Chapter 11
W hen she woke, she was tied to the bedposts again.
Her body was sore, but not from being tied. The ache was from their earlier lovemaking. Mortification rose up within her as she recalled all that she had done. All that she had let him do.
She should have known better than to trust a demon.
The last things she remembered were his apologetic words and a barely uttered promise as he bit her—“I’ll never let you go.”
She knew she was alive. She wondered if the fact that she was still tied to the bedposts meant he hadn’t turned her, that he was keeping her around for another meal. And then another and another—because he didn’t intend to release her.
Connie couldn’t let that happen.
He wasn’t in bed with her although she could tell it was daytime by the strong light filtering around the edges of the curtains. They had been drawn this time and as her eyes focused, she finally saw him, sprawled on a small sofa across the room. Probably the reason why the curtains had been closed. Otherwise the rays of the sun would have been bathing his body as he slept.
She wondered for only a moment why he wasn’t beside her in bed.
Guilt perhaps?
She didn’t consider it further, opting to focus on how to either undo the ties or…
The bindings were still as secure as they had been the night before, but the other ends of the ties were higher up on the bedposts. High enough that she might be able to snap it off.
Connie turned so that her feet were up against the wooden headboard, forcing her to curl into a tight ball. All the better, she thought as she pushed off with both her legs and arms, the ornate wood carvings digging into the balls of her feet.
The post and headboard swayed a bit, but held fast.
Sharp, intense pressure was what she needed.
Risking a glance to see if she had disturbed him, she realized that Hadrian slept on, apparently unaware of her escape attempt.
Bunching her thighs, she secured the position of her feet against the headboard once again and drew in a deep breath. With an intense surge of power, she jerked with all her might.
The crack of wood splintering was sweet, but the bedpost didn’t completely give way.
She looked toward Hadrian again. No sign that he had heard a thing.
Her arms and legs strained as she pulled, but the groan of the wood spurred her onward. With one final tug, the post snapped and landed in her lap.
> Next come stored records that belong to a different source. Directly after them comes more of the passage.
lemma prod_monom_of_bool:
  fixes a b :: "'a \<Rightarrow> bool"
  assumes "finite A" and balanced: "(\<Sum>x\<in>A. of_bool (a x) + of_bool (b x)) = card A"
  defines "P \<equiv> card {x \<in> A. a x \<and> b x}"
  shows "(\<Prod>x\<in>A. monom 1 (of_bool (a x)) + monom 1 (of_bool (b x)) :: nat poly)
           = monom (2 ^ (2 * P)) P * [:1, 1:] ^ (card A - 2 * P)"
proof -
  define both one none :: nat where
    "both = (\<Sum>x\<in>A. of_bool (a x \<and> b x))" and
    "one = (\<Sum>x\<in>A. of_bool (a x \<noteq> b x))" and
    "none = (\<Sum>x\<in>A. of_bool (\<not> a x \<and> \<not> b x))"
  have factor: "monom 1 (of_bool (a x)) + monom 1 (of_bool (b x))
      = monom 2 1 ^ of_bool (a x \<and> b x) * [:1, 1:] ^ of_bool (a x \<noteq> b x)
        * monom 2 0 ^ of_bool (\<not> a x \<and> \<not> b x)" for x
    by (cases "a x"; cases "b x") (simp_all add: add_monom monom_Suc monom_0 one_pCons)
  have "both + one + none = card A"
    unfolding both_def one_def none_def card_eq_sum sum.distrib[symmetric]
    by (intro sum.cong) auto
  moreover have "2 * both + one = card A"
    unfolding balanced[symmetric] both_def one_def sum_distrib_left sum.distrib[symmetric]
    by (intro sum.cong) auto
  moreover have "both = P"
    using assms(1) by (simp add: both_def P_def Int_def)
  ultimately have "none = P" and "one = card A - 2 * P"
    by auto
  have "(\<Prod>x\<in>A. monom 1 (of_bool (a x)) + monom 1 (of_bool (b x)) :: nat poly)
      = monom 2 1 ^ both * [:1, 1:] ^ one * monom 2 0 ^ none"
    unfolding factor both_def one_def none_def by (simp add: prod.distrib power_sum)
  also have "\<dots> = (monom 2 1 ^ P * monom 2 0 ^ P) * [:1, 1:] ^ (card A - 2 * P)"
    using \<open>both = P\<close> \<open>none = P\<close> \<open>one = card A - 2 * P\<close> by (simp only: mult_ac)
  also have "monom 2 1 ^ P * monom 2 0 ^ P = (monom (2 ^ (2 * P)) P :: nat poly)"
    by (simp add: monom_power mult_monom power_add[symmetric] mult_2)
  finally show ?thesis .
qed

lemma sum_basis_apply: "finite S \<Longrightarrow> (\<Sum>x\<in>S. basis x) u = of_bool (u \<in> S)"
  by (simp add: sum_apply basis_def eq_commute)

lemma length_perms: "u \<in> perms n \<Longrightarrow> length u = n"
  unfolding perms_def by (auto dest: distinct_card)

lemma distinct_Cons_0_perms: "u \<in> perms n \<Longrightarrow> distinct (0 # u)"
  by (simp add: perms_def)

lemma finite_perms: "finite (perms n)"
proof (rule finite_subset)
  show "perms n \<subseteq> {u. set u \<subseteq> {1..n} \<and> length u = n}"
    using length_perms unfolding perms_def by auto
qed (rule finite_lists_length_eq, simp)

lemma finite_signed_perms: "finite (signed_perms n)"
proof (rule finite_subset)
  show "signed_perms n \<subseteq> {w. set w \<subseteq> {-int n..int n} \<and> length w = n}"
  proof safe
    fix w assume "w \<in> signed_perms n"
    then have abs_w: "map (\<lambda>x. nat \<bar>x\<bar>) w \<in> perms n"
      unfolding signed_perms_def by simp
    then show "length w = n"
      using length_perms by fastforce
    fix x assume "x \<in> set w"
    with abs_w have "nat \<bar>x\<bar> \<le> n"
      unfolding perms_def by auto
    then show "x \<in> {-int n..int n}" by auto
  qed
qed (rule finite_lists_length_eq, simp)

lemma p_apply: "p n i u = of_bool (u \<in> perms n \<and> card (peak u) = i)"
  using finite_perms by (simp add: p_def sum_basis_apply)

lemma phi_y_apply:
  "phi n (y n j) u = of_nat (card {w \<in> signed_perms n. map (\<lambda>x. nat \<bar>x\<bar>) w = u \<and> card (sdes w) = j})"
proof -
  have "y n j w = of_bool (w \<in> signed_perms n \<and> card (sdes w) = j)" for w
    using finite_signed_perms by (simp add: y_def sum_basis_apply)
  then have "phi n (y n j) u
      = (\<Sum>w\<in>signed_perms n. of_bool (map (\<lambda>x. nat \<bar>x\<bar>) w = u \<and> card (sdes w) = j))"
    unfolding phi_def sum_apply by (intro sum.cong) (auto simp: basis_def)
  then show ?thesis
    using finite_signed_perms by (simp add: Int_def conj_commute)
qed

lemma signed_perms_fibre:
  "u \<in> perms n \<Longrightarrow> {w \<in> signed_perms n. map (\<lambda>x. nat \<bar>x\<bar>) w = u}
     = {w. 0 \<notin> set w \<and> map (\<lambda>x. nat \<bar>x\<bar>) w = u}"
  unfolding signed_perms_def by auto

definition sign_by :: "nat set \<Rightarrow> nat list \<Rightarrow> int list" where
  "sign_by B u = map (\<lambda>t. if t \<in> B then - int (u ! t) else int (u ! t)) [0..<length u]"

lemma length_sign_by [simp]: "length (sign_by B u) = length u"
  by (simp add: sign_by_def)

lemma nth_sign_by [simp]:
  "t < length u \<Longrightarrow> sign_by B u ! t = (if t \<in> B then - int (u ! t) else int (u ! t))"
  by (simp add: sign_by_def)

lemma bij_betw_sign_by:
  assumes "0 \<notin> set u"
  shows "bij_betw (\<lambda>B. sign_by B u) (Pow {..<length u})
           {w. 0 \<notin> set w \<and> map (\<lambda>x. nat \<bar>x\<bar>) w = u}"
proof (rule bij_betw_byWitness[where f' = "\<lambda>w. {t. t < length w \<and> w ! t < 0}"])
  have nonzero: "u ! t \<noteq> 0" if "t < length u" for t
    using assms that by (metis nth_mem)
  show "\<forall>B\<in>Pow {..<length u}. {t. t < length (sign_by B u) \<and> sign_by B u ! t < 0} = B"
    using nonzero by (auto split: if_splits)
  show "\<forall>w\<in>{w. 0 \<notin> set w \<and> map (\<lambda>x. nat \<bar>x\<bar>) w = u}.
          sign_by {t. t < length w \<and> w ! t < 0} u = w"
  proof safe
    fix w :: "int list" assume "0 \<notin> set w" and "u = map (\<lambda>x. nat \<bar>x\<bar>) w"
    then show "sign_by {t. t < length w \<and> w ! t < 0} (map (\<lambda>x. nat \<bar>x\<bar>) w) = w"
      by (intro nth_equalityI) auto
  qed
  show "(\<lambda>B. sign_by B u) ` Pow {..<length u} \<subseteq> {w. 0 \<notin> set w \<and> map (\<lambda>x. nat \<bar>x\<bar>) w = u}"
    by (auto simp: in_set_conv_nth nonzero split: if_splits intro!: nth_equalityI)
  show "(\<lambda>w. {t. t < length w \<and> w ! t < 0}) ` {w. 0 \<notin> set w \<and> map (\<lambda>x. nat \<bar>x\<bar>) w = u}
          \<subseteq> Pow {..<length u}"
    by auto
qed

definition exceeds_left :: "nat list \<Rightarrow> nat \<Rightarrow> bool" where
  "exceeds_left u t \<longleftrightarrow> (0 # u) ! t < u ! t"

definition exceeds_right :: "nat list \<Rightarrow> nat \<Rightarrow> bool" where
  "exceeds_right u t \<longleftrightarrow> Suc t < length u \<and> u ! Suc t < u ! t"

lemma signed_less_iff:
  fixes a b :: nat
  assumes "a \<noteq> b"
  shows "(if neg_b then - int b else int b) < (if neg_a then - int a else int a)
           \<longleftrightarrow> a < b \<and> neg_b \<or> b < a \<and> \<not> neg_a"
  using assms by (cases neg_a; cases neg_b) auto

lemma sdes_sign_by:
  assumes "distinct (0 # u)" and "B \<subseteq> {..<length u}"
  shows "sdes (sign_by B u)
           = {t \<in> B. exceeds_left u t} \<union> Suc ` {t \<in> {..<length u} - B. exceeds_right u t}"
proof (rule set_eqI)
  fix i
  show "i \<in> sdes (sign_by B u)
          \<longleftrightarrow> i \<in> {t \<in> B. exceeds_left u t} \<union> Suc ` {t \<in> {..<length u} - B. exceeds_right u t}"
  proof (cases i)
    case 0
    have "length u > 0 \<Longrightarrow> u ! 0 \<noteq> 0"
      using assms(1) by (metis distinct.simps(2) nth_mem)
    then show ?thesis
      using 0 assms(2) by (auto simp: sdes_def exceeds_left_def split: if_splits)
  next
    case (Suc t)
    have "Suc t < length u \<Longrightarrow> u ! t \<noteq> u ! Suc t"
      using assms(1) by (simp add: nth_eq_iff_index_eq)
    then show ?thesis
      using Suc assms(2) signed_less_iff[of "u ! t" "u ! Suc t"]
      by (auto simp: sdes_def exceeds_left_def exceeds_right_def)
  qed
qed

lemma card_sdes_sign_by:
  assumes "distinct (0 # u)" and "B \<subseteq> {..<length u}"
  shows "card (sdes (sign_by B u))
           = (\<Sum>t\<in>B. of_bool (exceeds_left u t)) + (\<Sum>t\<in>{..<length u} - B. of_bool (exceeds_right u t))"
proof -
  have finite_B: "finite B"
    using assms(2) finite_subset by blast
  have "{t \<in> B. exceeds_left u t} \<inter> Suc ` {t \<in> {..<length u} - B. exceeds_right u t} = {}"
    by (auto simp: exceeds_left_def exceeds_right_def)
  then have "card (sdes (sign_by B u))
      = card {t \<in> B. exceeds_left u t} + card {t \<in> {..<length u} - B. exceeds_right u t}"
    using finite_B by (simp add: sdes_sign_by[OF assms] card_Un_disjoint card_image)
  then show ?thesis
    using finite_B by (simp add: Int_def)
qed

lemma exceeds_left_right_balanced:
  assumes "distinct (0 # u)"
  shows "(\<Sum>t<length u. of_bool (exceeds_left u t) + of_bool (exceeds_right u t)) = length u"
proof (cases "length u")
  case 0
  then show ?thesis by simp
next
  case (Suc m)
  have "u ! 0 \<noteq> 0"
    using assms Suc by (metis distinct.simps(2) nth_mem zero_less_Suc)
  then have "exceeds_left u 0"
    by (simp add: exceeds_left_def)
  then have left: "(\<Sum>t<Suc m. of_bool (exceeds_left u t))
      = 1 + (\<Sum>t<m. of_bool (exceeds_left u (Suc t)) :: nat)"
    unfolding sum.lessThan_Suc_shift by simp
  have "\<not> exceeds_right u m"
    using Suc by (simp add: exceeds_right_def)
  then have right: "(\<Sum>t<Suc m. of_bool (exceeds_right u t)) = (\<Sum>t<m. of_bool (exceeds_right u t) :: nat)"
    unfolding sum.lessThan_Suc by simp
  have "of_bool (exceeds_right u t) + of_bool (exceeds_left u (Suc t)) = (1::nat)"
    if "t < m" for t
  proof -
    have "u ! t \<noteq> u ! Suc t"
      using assms that Suc by (simp add: nth_eq_iff_index_eq)
    then show ?thesis
      using that Suc by (auto simp: exceeds_left_def exceeds_right_def)
  qed
  then have "(\<Sum>t<m. of_bool (exceeds_right u t) + of_bool (exceeds_left u (Suc t))) = (\<Sum>t<m. 1::nat)"
    by (intro sum.cong) simp_all
  then show ?thesis
    unfolding Suc sum.distrib left right by (simp add: sum.distrib)
qed

lemma peak_eq_exceeds_left_right:
  "peak u = Suc ` {t \<in> {..<length u}. exceeds_left u t \<and> exceeds_right u t}"
  unfolding peak_def exceeds_left_def exceeds_right_def
  by (auto simp: image_iff gr0_conv_Suc Suc_le_eq)

lemma card_peak: "card (peak u) = card {t \<in> {..<length u}. exceeds_left u t \<and> exceeds_right u t}"
  by (simp add: peak_eq_exceeds_left_right card_image)

lemma double_card_peak_le:
  assumes "distinct (0 # u)"
  shows "2 * card (peak u) \<le> length u"
proof -
  have "2 * card (peak u) = (\<Sum>t<length u. 2 * of_bool (exceeds_left u t \<and> exceeds_right u t))"
    by (simp add: card_peak sum_distrib_left[symmetric] Int_def)
  also have "\<dots> \<le> (\<Sum>t<length u. of_bool (exceeds_left u t) + of_bool (exceeds_right u t))"
    by (intro sum_mono) simp
  also have "\<dots> = length u"
    using exceeds_left_right_balanced[OF assms] .
  finally show ?thesis .
qed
With the sharp ragged point of the bedpost, she sawed through the thinnest part of the ties. She never gave a thought to the bindings at her wrists. They were too tight and she risked slicing open her wrists if she tried. All she needed was to have her hands free.
A second later she had that wish.
During all that time, Hadrian hadn’t stirred.
Quietly she crept toward the door, the pointed bedpost stake in hand for defense. But as she neared the door, she realized that she was buck naked. She couldn’t leave like this. There were two doors before her and George had come and gone through one of them. She hoped the other was a closet.
Gingerly she turned the knob and peered within. Sure enough it was a large walk-in closet. She went in and closed the door behind her, turning on a light as she did so. The room was filled with an assortment of clothing. From the jeans to the suits, all of it was of the highest quality.
He was tall and she was round. His jeans barely fit across her hips, but she had to cuff them repeatedly so she wouldn’t trip over them. Snagging a black sweater from a shelf, she slipped it on over her head.
It smelled like him. Something woodsy and indefinably masculine.
Her body sprang to painful life, worrying her. Would she never be free of his presence after this chance encounter?
I will never let you go.
His words echoed in her head and she imagined him stalking her. Always present. The fear she would live with forever unless she found a way to…
Be rid of him? she wondered.
She eased out of the closet and peered toward the sofa, but he wasn’t there.
A second later someone grabbed her from behind and she reacted, seizing his arm and shifting her weight.
Hadrian went up and over her shoulder to land with a thud on the floor. Before he could move, she was straddling him, the sharp point of the stake directly above his heart. An angry red scratch marred his flesh where she had scraped the bedpost stake against his skin.
She would only have to place her weight on the stake and it would pierce his heart. Just a little more pressure and…
“I can smell your fear. You want to do this, so do it.”
Connie couldn’t ignore the pain in his voice. “Promise you’ll leave me be—”
“Do it, Connie. I’m a monster, remember. Doesn’t that make it easier?”
She met his gaze and his regret slammed into her. Was it because of what he had done last night? Because he had broken his promise? So what good would his promise do now? she thought and yet she asked again.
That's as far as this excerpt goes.